** To do **
Each record must be printed again exactly as it appears.

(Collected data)
━━━━━━━━━━━━━━━━━━━━

(* Let $\Gamma$ be a countable amenable group. Then the action $\Gamma\curvearrowright\beta\Gamma$ has dynamical comparison. Consequently, for any two subsets $A,B$ of $\Gamma$ such that $\mu(A)<\mu(B)$ for every $\Gamma$-invariant finitely additive probability measure $\mu$ on $\Gamma$, there exist $A_1,\dots,A_n\subseteq\Gamma$ and $\gamma_1,\dots,\gamma_n\in\Gamma$ with $A=\bigsqcup_{i=1}^nA_i$ and $\bigsqcup_{i=1}^n\gamma_iA_i\subseteq B$.
   Context: $\beta\Gamma$ is the Stone–Čech compactification of the discrete group $\Gamma$, on which $\Gamma$ acts by extending left translation. For an action $\alpha$ of $\Gamma$ on a compact Hausdorff $0$-dimensional space $X$, dynamical comparison means: for all nonempty clopen $A,B\subseteq X$ with $\mu(A)<\mu(B)$ for every $\alpha$-invariant Radon probability measure $\mu$ on $X$, there exist a clopen partition $A=\bigsqcup_{i=1}^nA_i$ and $\gamma_1,\dots,\gamma_n\in\Gamma$ such that the sets $\alpha(\gamma_i)A_i$ are pairwise disjoint and contained in $B$ (equivalently $[A]\le[B]$ in the clopen type semigroup). In the second statement, the union $\bigsqcup_i \gamma_i A_i$ is a disjoint union. *)

theory Defs
  imports "HOL-Analysis.Analysis" "HOL-Probability.Probability"
begin

definition borel_sets_of :: "'x topology \<Rightarrow> 'x set set" where
  "borel_sets_of X = sigma_sets (topspace X) (Collect (openin X))"

definition radon_prob :: "'x topology \<Rightarrow> 'x measure \<Rightarrow> bool" where
  "radon_prob X \<mu> \<longleftrightarrow>
     prob_space \<mu> \<and> space \<mu> = topspace X \<and> sets \<mu> = borel_sets_of X \<and>
     (\<forall>E \<in> sets \<mu>. emeasure \<mu> E = (INF U \<in> {U. openin X U \<and> E \<subseteq> U}. emeasure \<mu> U)) \<and>
     (\<forall>U. openin X U \<longrightarrow> emeasure \<mu> U = (SUP K \<in> {K. compactin X K \<and> K \<subseteq> U}. emeasure \<mu> K))"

━━━━━━━━━━━━━━━━━━━━

** Response **
(* Let $\Gamma$ be a countable amenable group. Then the action $\Gamma\curvearrowright\beta\Gamma$ has dynamical comparison. Consequently, for any two subsets $A,B$ of $\Gamma$ such that $\mu(A)<\mu(B)$ for every $\Gamma$-invariant finitely additive probability measure $\mu$ on $\Gamma$, there exist $A_1,\dots,A_n\subseteq\Gamma$ and $\gamma_1,\dots,\gamma_n\in\Gamma$ with $A=\bigsqcup_{i=1}^nA_i$ and $\bigsqcup_{i=1}^n\gamma_iA_i\subseteq B$.
   Context: $\beta\Gamma$ is the Stone–Čech compactification of the discrete group $\Gamma$, on which $\Gamma$ acts by extending left translation. For an action $\alpha$ of $\Gamma$ on a compact Hausdorff $0$-dimensional space $X$, dynamical comparison means: for all nonempty clopen $A,B\subseteq X$ with $\mu(A)<\mu(B)$ for every $\alpha$-invariant Radon probability measure $\mu$ on $X$, there exist a clopen partition $A=\bigsqcup_{i=1}^nA_i$ and $\gamma_1,\dots,\gamma_n\in\Gamma$ such that the sets $\alpha(\gamma_i)A_i$ are pairwise disjoint and contained in $B$ (equivalently $[A]\le[B]$ in the clopen type semigroup). In the second statement, the union $\bigsqcup_i \gamma_i A_i$ is a disjoint union. *)

theory Defs
  imports "HOL-Analysis.Analysis" "HOL-Probability.Probability"
begin

definition borel_sets_of :: "'x topology \<Rightarrow> 'x set set" where
  "borel_sets_of X = sigma_sets (topspace X) (Collect (openin X))"

definition radon_prob :: "'x topology \<Rightarrow> 'x measure \<Rightarrow> bool" where
  "radon_prob X \<mu> \<longleftrightarrow>
     prob_space \<mu> \<and> space \<mu> = topspace X \<and> sets \<mu> = borel_sets_of X \<and>
     (\<forall>E \<in> sets \<mu>. emeasure \<mu> E = (INF U \<in> {U. openin X U \<and> E \<subseteq> U}. emeasure \<mu> U)) \<and>
     (\<forall>U. openin X U \<longrightarrow> emeasure \<mu> U = (SUP K \<in> {K. compactin X K \<and> K \<subseteq> U}. emeasure \<mu> K))"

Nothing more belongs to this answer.